Сергей Гусев-Оренбургский «Инженер»

Дорога шла болотом.

Еще немного лет назад болото было непрохожим и непроезжим. Теперь бежало через него неровное, пыльное шоссе, тянулась к монастырю телефонная проволока; вкось и вкривь стояли в рыхлой почве телефонные столбы: глубокие канавы, с мутной водой на дне их, сторожили дорогу. Местами посевы и великолепные луга уже победили болото. Дальше тянулись торфяные участки и на них, близ дороги, шумели и тукали паровые машины среди копошащихся людских фигур. Батюшке показалось, что там снуют и монахи.

— Торт берут, — обернулся к нему мужик.

— Кто берет?

— Монастырек.

— Его, стало быть, болото?

— Яво-о!

Мужик был длиннобородый, рыжий, лохматый, в белой рубахе. И лошадь и тележонка были у него тоже какие-то лохматые, словно взбитые ветром. Тележонка глухо трещала и прыгала на ухабах, а лошаденка горбилась и словно бежала на одном месте. Батюшку встряхивало на каждой рытвине, ему неудобно было сидеть и разломило всего от долгого пути. С тоскливым нетерпением посматривал он на монастырь, так приветливо манивший к себе из-за болота. Во времена татарских набегов ушли из Путивля два инока искать уединения от житейских тревог. В чаще диких лесов, среди непроходимых болотных топей, нашли они пещеру и поселились в ней. Они изрыли лесной пригорок подземными ходами, извилистыми и узкими, как следы червей, и в сырой и затхлой тьме их предавались молчанию и молитве. Теперь на лесном пригорке издалека был виден со стороны болота красивый монастырь, уютно разбросавший свои белые постройки по зеленой чаще.

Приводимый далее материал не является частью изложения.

definition fixgrp :: "'n::finite cmat set \<Rightarrow> ('n cmat \<Rightarrow> 'n cmat) \<Rightarrow> 'n cmat set" where
  "fixgrp H tau = {X \<in> H. tau X = X}"

text \<open>Standing setting: Gc (= G^C) a closed matrix group stable under conjugate
  transposition; tau a continuous automorphism of Gc of order exactly k \<ge> 2
  commuting with bar (so it restricts to an automorphism of G); B a solvable
  subgroup of K^C = (Gc)^tau with K^C = K B, K \<inter> B = {1} (Iwasawa decomposition).\<close>
definition twisted_setting ::
  "'n::finite cmat set \<Rightarrow> ('n cmat \<Rightarrow> 'n cmat) \<Rightarrow> nat \<Rightarrow> 'n cmat set \<Rightarrow> bool" where
  "twisted_setting Gc tau k B \<longleftrightarrow>
     is_mgroup Gc \<and> closed Gc \<and> (\<forall>X\<in>Gc. ctrans X \<in> Gc) \<and>
     2 \<le> k \<and>
     bij_betw tau Gc Gc \<and> (\<forall>X\<in>Gc. \<forall>Y\<in>Gc. tau (X ** Y) = tau X ** tau Y) \<and>
     continuous_on Gc tau \<and>
     (\<forall>X\<in>Gc. tau (cbar X) = cbar (tau X)) \<and>
     (\<forall>X\<in>Gc. (tau ^^ k) X = X) \<and>
     (\<forall>j. 0 < j \<and> j < k \<longrightarrow> (\<exists>X\<in>realform Gc. (tau ^^ j) X \<noteq> X)) \<and>
     solvable_mgroup B \<and> B \<subseteq> fixgrp Gc tau \<and>
     fixgrp Gc tau = {X ** Y | X Y. X \<in> fixgrp (realform Gc) tau \<and> Y \<in> B} \<and>
     fixgrp (realform Gc) tau \<inter> B = {mat 1}"

definition omega :: "nat \<Rightarrow> complex" where
  "omega k = exp (2 * pi * \<i> / of_nat k)"

definition Ccirc :: "real \<Rightarrow> complex set" where
  "Ccirc e = {z. norm z = e} \<union> {z. norm z = 1 / e}"

definition Eann :: "real \<Rightarrow> complex set" where
  "Eann e = {z. e < norm z \<and> norm z < 1 / e}"

definition Eclos :: "real \<Rightarrow> complex set" where
  "Eclos e = {z. e \<le> norm z \<and> norm z \<le> 1 / e}"

definition smooth_real :: "(real \<Rightarrow> 'a::real_normed_vector) \<Rightarrow> bool" where
  "smooth_real f \<longleftrightarrow> (\<exists>D. D 0 = f \<and> (\<forall>m t. (D m has_vector_derivative D (Suc m) t) (at t)))"

definition smooth_on_circles :: "real \<Rightarrow> (complex \<Rightarrow> 'n::finite cmat) \<Rightarrow> bool" where
  "smooth_on_circles e g \<longleftrightarrow>
     smooth_real (\<lambda>t. g (of_real e * cis t)) \<and> smooth_real (\<lambda>t. g (of_real (1/e) * cis t))"

definition mholo :: "(complex \<Rightarrow> 'n::finite cmat) \<Rightarrow> complex set \<Rightarrow> bool" where
  "mholo F S \<longleftrightarrow> (\<forall>i j. (\<lambda>z. F z $ i $ j) holomorphic_on S)"

text \<open>A loop is represented by a function on \<complex>; only its values on C^(e) matter.\<close>
definition Lam ::
  "'n::finite cmat set \<Rightarrow> ('n cmat \<Rightarrow> 'n cmat) \<Rightarrow> nat \<Rightarrow> real \<Rightarrow> (complex \<Rightarrow> 'n cmat) set" where
  "Lam Gc tau k e = {g. (\<forall>z\<in>Ccirc e. g z \<in> Gc) \<and> smooth_on_circles e g \<and>
       (\<forall>z\<in>Ccirc e. g (omega k * z) = tau (g z)) \<and>
       (\<forall>z\<in>Ccirc e. cbar (g z) = g (1 / cnj z))}"

definition EExt ::
  "'n::finite cmat set \<Rightarrow> ('n cmat \<Rightarrow> 'n cmat) \<Rightarrow> nat \<Rightarrow> real \<Rightarrow>
     (complex \<Rightarrow> 'n cmat) \<Rightarrow> (complex \<Rightarrow> 'n cmat) \<Rightarrow> bool" where
  "EExt Gc tau k e g F \<longleftrightarrow>
     mholo F (Eann e) \<and> continuous_on (Eclos e) F \<and> (\<forall>z\<in>Ccirc e. F z = g z) \<and>
     (\<forall>z\<in>Eclos e. F z \<in> Gc) \<and>
     (\<forall>z\<in>Eclos e. F (omega k * z) = tau (F z)) \<and>
     (\<forall>z\<in>Eclos e. cbar (F z) = F (1 / cnj z))"

text \<open>F together with the value Finf at \<infinity> is a holomorphic extension of g to
  I^(e) = {|z|<e} \<union> {|z|>1/e} \<union> {\<infinity>}; holomorphy at \<infinity> is expressed via the
  chart \<mu> \<mapsto> 1/\<mu>.\<close>
definition at_inf_chart :: "(complex \<Rightarrow> 'n::finite cmat) \<Rightarrow> 'n cmat \<Rightarrow> complex \<Rightarrow> 'n cmat" where
  "at_inf_chart F Finf = (\<lambda>\<mu>. if \<mu> = 0 then Finf else F (1 / \<mu>))"

definition IExt ::
  "'n::finite cmat set \<Rightarrow> ('n cmat \<Rightarrow> 'n cmat) \<Rightarrow> nat \<Rightarrow> real \<Rightarrow>
     (complex \<Rightarrow> 'n cmat) \<Rightarrow> (complex \<Rightarrow> 'n cmat) \<Rightarrow> 'n cmat \<Rightarrow> bool" where
  "IExt Gc tau k e g F Finf \<longleftrightarrow>
     mholo F (ball 0 e) \<and> continuous_on (cball 0 e) F \<and>
     mholo (at_inf_chart F Finf) (ball 0 e) \<and> continuous_on (cball 0 e) (at_inf_chart F Finf) \<and>
     (\<forall>z\<in>Ccirc e. F z = g z) \<and>
     (\<forall>z\<in>cball 0 e. F z \<in> Gc \<and> at_inf_chart F Finf z \<in> Gc) \<and>
     (\<forall>z\<in>cball 0 e. F (omega k * z) = tau (F z) \<and>
         at_inf_chart F Finf (z / omega k) = tau (at_inf_chart F Finf z)) \<and>
     (\<forall>z\<in>cball 0 e. cbar (F z) = at_inf_chart F Finf (cnj z))"

definition LamE :: "'n::finite cmat set \<Rightarrow> ('n cmat \<Rightarrow> 'n cmat) \<Rightarrow> nat \<Rightarrow> real \<Rightarrow> (complex \<Rightarrow> 'n cmat) set" where
  "LamE Gc tau k e = {g \<in> Lam Gc tau k e. \<exists>F. EExt Gc tau k e g F}"

definition LamI :: "'n::finite cmat set \<Rightarrow> ('n cmat \<Rightarrow> 'n cmat) \<Rightarrow> nat \<Rightarrow> real \<Rightarrow> (complex \<Rightarrow> 'n cmat) set" where
  "LamI Gc tau k e = {g \<in> Lam Gc tau k e. \<exists>F Finf. IExt Gc tau k e g F Finf}"

definition LamIB ::
  "'n::finite cmat set \<Rightarrow> ('n cmat \<Rightarrow> 'n cmat) \<Rightarrow> nat \<Rightarrow> 'n cmat set \<Rightarrow> real \<Rightarrow> (complex \<Rightarrow> 'n cmat) set" where
  "LamIB Gc tau k B e = {g \<in> Lam Gc tau k e. \<exists>F Finf. IExt Gc tau k e g F Finf \<and> F 0 \<in> B}"

definition unique_factorization ::
  "'n::finite cmat set \<Rightarrow> ('n cmat \<Rightarrow> 'n cmat) \<Rightarrow> nat \<Rightarrow> 'n cmat set \<Rightarrow> bool" where
  "unique_factorization Gc tau k B \<longleftrightarrow>
    (\<forall>e. 0 < e \<and> e < 1 \<longrightarrow>
      (\<forall>h\<in>Lam Gc tau k e.
         (\<exists>hE\<in>LamE Gc tau k e. \<exists>hI\<in>LamIB Gc tau k B e. \<forall>z\<in>Ccirc e. h z = hE z ** hI z) \<and>
         (\<forall>hE\<in>LamE Gc tau k e. \<forall>hI\<in>LamIB Gc tau k B e.
          \<forall>hE'\<in>LamE Gc tau k e. \<forall>hI'\<in>LamIB Gc tau k B e.
            (\<forall>z\<in>Ccirc e. h z = hE z ** hI z) \<longrightarrow> (\<forall>z\<in>Ccirc e. h z = hE' z ** hI' z) \<longrightarrow>
            (\<forall>z\<in>Ccirc e. hE z = hE' z \<and> hI z = hI' z))))"

text \<open>Dressing action g #_e h = (g h)_E, normalised to 0 off C^(e) so that it is
  a well-defined function.\<close>
definition dress ::
  "'n::finite cmat set \<Rightarrow> ('n cmat \<Rightarrow> 'n cmat) \<Rightarrow> nat \<Rightarrow> 'n cmat set \<Rightarrow> real \<Rightarrow>
     (complex \<Rightarrow> 'n cmat) \<Rightarrow> (complex \<Rightarrow> 'n cmat) \<Rightarrow> (complex \<Rightarrow> 'n cmat)" where
  "dress Gc tau k B e g h = (THE kE. kE \<in> LamE Gc tau k e \<and> (\<forall>z. z \<notin> Ccirc e \<longrightarrow> kE z = 0) \<and>
       (\<exists>kI\<in>LamIB Gc tau k B e. \<forall>z\<in>Ccirc e. g z ** h z = kE z ** kI z))"

end

theory Submission
  imports Defs "HOL-Complex_Analysis.Complex_Analysis"
begin

text \<open>Write \<open>gx h = D kI\<close> on \<open>C^(e)\<close>, where \<open>gx\<close> is the holomorphic extension of \<open>g\<close>
  and \<open>D = gx #_e h\<close>, and let \<open>KE\<close>, \<open>KI\<close> be the holomorphic extensions of \<open>D\<close> and \<open>kI\<close>.
  The loop \<open>Q = KE^-1 gx hx\<close> is holomorphic on the two thin annuli between \<open>C^(e)\<close> and
  \<open>C^(e')\<close>, where all three factors are, and it coincides with \<open>KI\<close> on \<open>C^(e)\<close>. Patching
  \<open>KI\<close> and \<open>Q\<close> together across \<open>C^(e)\<close> therefore gives an element \<open>hI\<close> of the group
  \<open>Lambda^(e')_{I,B}\<close> with \<open>g hx = KE hI\<close> on \<open>C^(e')\<close>. As \<open>KE\<close> restricts to an element of
  \<open>Lambda^(e')_E\<close>, uniqueness of the factorization on \<open>C^(e')\<close> gives \<open>g #_e' hx = KE\<close>.\<close>

section \<open>Smooth functions of a real variable\<close>

lemma smooth_real_const: "smooth_real (\<lambda>t. c)"
  unfolding smooth_real_def
  by (rule exI[of _ "\<lambda>m. if m = 0 then (\<lambda>t. c) else (\<lambda>t. 0)"]) auto

lemma smooth_real_add:
  assumes "smooth_real f" "smooth_real g"
  shows "smooth_real (\<lambda>t. f t + g t)"
proof -
  obtain Df where f: "Df 0 = f" "\<And>m t. (Df m has_vector_derivative Df (Suc m) t) (at t)"
    using assms(1) unfolding smooth_real_def by blast
  obtain Dg where g: "Dg 0 = g" "\<And>m t. (Dg m has_vector_derivative Dg (Suc m) t) (at t)"
    using assms(2) unfolding smooth_real_def by blast
  show ?thesis unfolding smooth_real_def
    by (rule exI[of _ "\<lambda>m t. Df m t + Dg m t"]) (auto simp: f g intro!: has_vector_derivative_add)
qed

lemma smooth_real_sum:
  assumes "finite I" "\<And>i. i \<in> I \<Longrightarrow> smooth_real (f i)"
  shows "smooth_real (\<lambda>t. \<Sum>i\<in>I. f i t)"
  using assms by (induction I rule: finite_induct) (auto intro: smooth_real_const smooth_real_add)

lemma smooth_real_bounded_linear:
  assumes "smooth_real f" "bounded_linear L"
  shows "smooth_real (\<lambda>t. L (f t))"
proof -
  obtain Df where f: "Df 0 = f" "\<And>m t. (Df m has_vector_derivative Df (Suc m) t) (at t)"
    using assms(1) unfolding smooth_real_def by blast
  show ?thesis unfolding smooth_real_def
    by (rule exI[of _ "\<lambda>m t. L (Df m t)"])
      (auto simp: f intro!: bounded_linear.has_vector_derivative[OF assms(2)])
qed

text \<open>The derivatives of a product are given by the Leibniz rule.\<close>

lemma smooth_real_mult:
  fixes f g :: "real \<Rightarrow> 'a::real_normed_field"
  assumes "smooth_real f" "smooth_real g"
  shows "smooth_real (\<lambda>t. f t * g t)"
proof -
  obtain Df where f: "Df 0 = f" "\<And>m t. (Df m has_vector_derivative Df (Suc m) t) (at t)"
    using assms(1) unfolding smooth_real_def by blast
  obtain Dg where g: "Dg 0 = g" "\<And>m t. (Dg m has_vector_derivative Dg (Suc m) t) (at t)"
    using assms(2) unfolding smooth_real_def by blast
  define D where "D m t = (\<Sum>i = 0..m. of_nat (m choose i) * Df i t * Dg (m - i) t)" for m t
  have "(D n has_vector_derivative D (Suc n) t) (at t)" for n t
  proof -
    have "(D n has_vector_derivative (\<Sum>i = 0..n. of_nat (n choose i) *
        (Df i t * Dg (Suc (n - i)) t + Df (Suc i) t * Dg (n - i) t))) (at t)"
      unfolding D_def mult.assoc
      by (intro has_vector_derivative_sum has_vector_derivative_mult_right
          has_vector_derivative_mult f(2) g(2))
    also have "(\<Sum>i = 0..n. of_nat (n choose i) *
        (Df i t * Dg (Suc (n - i)) t + Df (Suc i) t * Dg (n - i) t)) = D (Suc n) t"
      unfolding D_def
      apply (simp add: Suc_choose algebra_simps sum.distrib)
      apply (subst (4) sum_Suc_reindex)
      apply (auto simp: algebra_simps Suc_diff_le intro!: sum.cong)
      done
    finally show ?thesis .
  qed
  moreover have "D 0 = (\<lambda>t. f t * g t)" by (auto simp: D_def f g)
  ultimately show ?thesis unfolding smooth_real_def by blast
qed

lemma has_vector_derivative_vec_lambda:
  fixes f :: "real \<Rightarrow> 'a::real_normed_vector ^ 'n::finite"
  assumes "\<And>i. ((\<lambda>t. f t $ i) has_vector_derivative f' $ i) (at t)"
  shows "(f has_vector_derivative f') (at t)"
proof -
  have "((\<lambda>y. (f y $ i - f t $ i - (y - t) *\<^sub>R f' $ i) /\<^sub>R \<bar>y - t\<bar>) \<longlongrightarrow> 0) (at t)" for i
    using assms[of i] unfolding has_vector_derivative_def has_derivative_at_within by simp
  then have "((\<lambda>y. \<chi> i. (f y $ i - f t $ i - (y - t) *\<^sub>R f' $ i) /\<^sub>R \<bar>y - t\<bar>) \<longlongrightarrow> (\<chi> i. 0)) (at t)"
    by (intro tendsto_vec_lambda) auto
  moreover have "(\<lambda>y. \<chi> i. (f y $ i - f t $ i - (y - t) *\<^sub>R f' $ i) /\<^sub>R \<bar>y - t\<bar>)
     = (\<lambda>y. (f y - f t - (y - t) *\<^sub>R f') /\<^sub>R \<bar>y - t\<bar>)"
    by (auto simp: vec_eq_iff)
  ultimately show ?thesis
    unfolding has_vector_derivative_def has_derivative_at_within
    by (auto simp: bounded_linear_scaleR_left zero_vec_def)
qed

— Тут все яво, — сделал мужик рукою широкий жест, — вон лес кругом, глянь-кось, батюшка… болото-то сторожить… все яво! Округ нашей слободки, на много-те верст, все яво. И паровички-то яво работают… Настоятель-то у них…хозя-я-йственный!

Мужик снял шапчонку и почесал в затылке.

— Правду молвится слово, — сказал он, — умный человек завсегда все может, а дурак…

Батюшка рассмеялся.

— А дурак что?

— Между глаз нос просмотрел, — засмеялся и мужик, — не в осуждение молвится, батюшка, а как правду не сказать? Болото-то это прежде помещичкам разным принадлежало. Предлагали нашим старикам помещички-то укупить все болото по двадцать пять рублей за десятину. — «Зачем оно нам?» — После, — говорят помещички-то, — вспомните, пожалеете: земли у вас мало!» А старики только бороды разглаживают: — «нам хва-а-тит»!

Мужик грустно усмехнулся.

— Им-то хватило, а детям… — Он взглянул на болото, — Монастырек его задаром скупил. А теперь и по тысяче рублей десятинки не продаст. Арендовали раньше по пятьдесят копеек, а теперь по тридцать пять рубликов… да и то уж отказывать стали: сами пользуются. Слобода-то наша большая, у нас церковь трехпрестольная, а земли-то…

Он тяжело вздохнул.

— По три десятинки, с оврагами!

Обернулся и посмотрел в темное лицо батюшки, как бы ожидая слова сочувствия. Но батюшка, весь изломанный и избитый, имел вид страдальческий и молчал, только болезненно морщился при каждом толчке. Мужик крутил головой.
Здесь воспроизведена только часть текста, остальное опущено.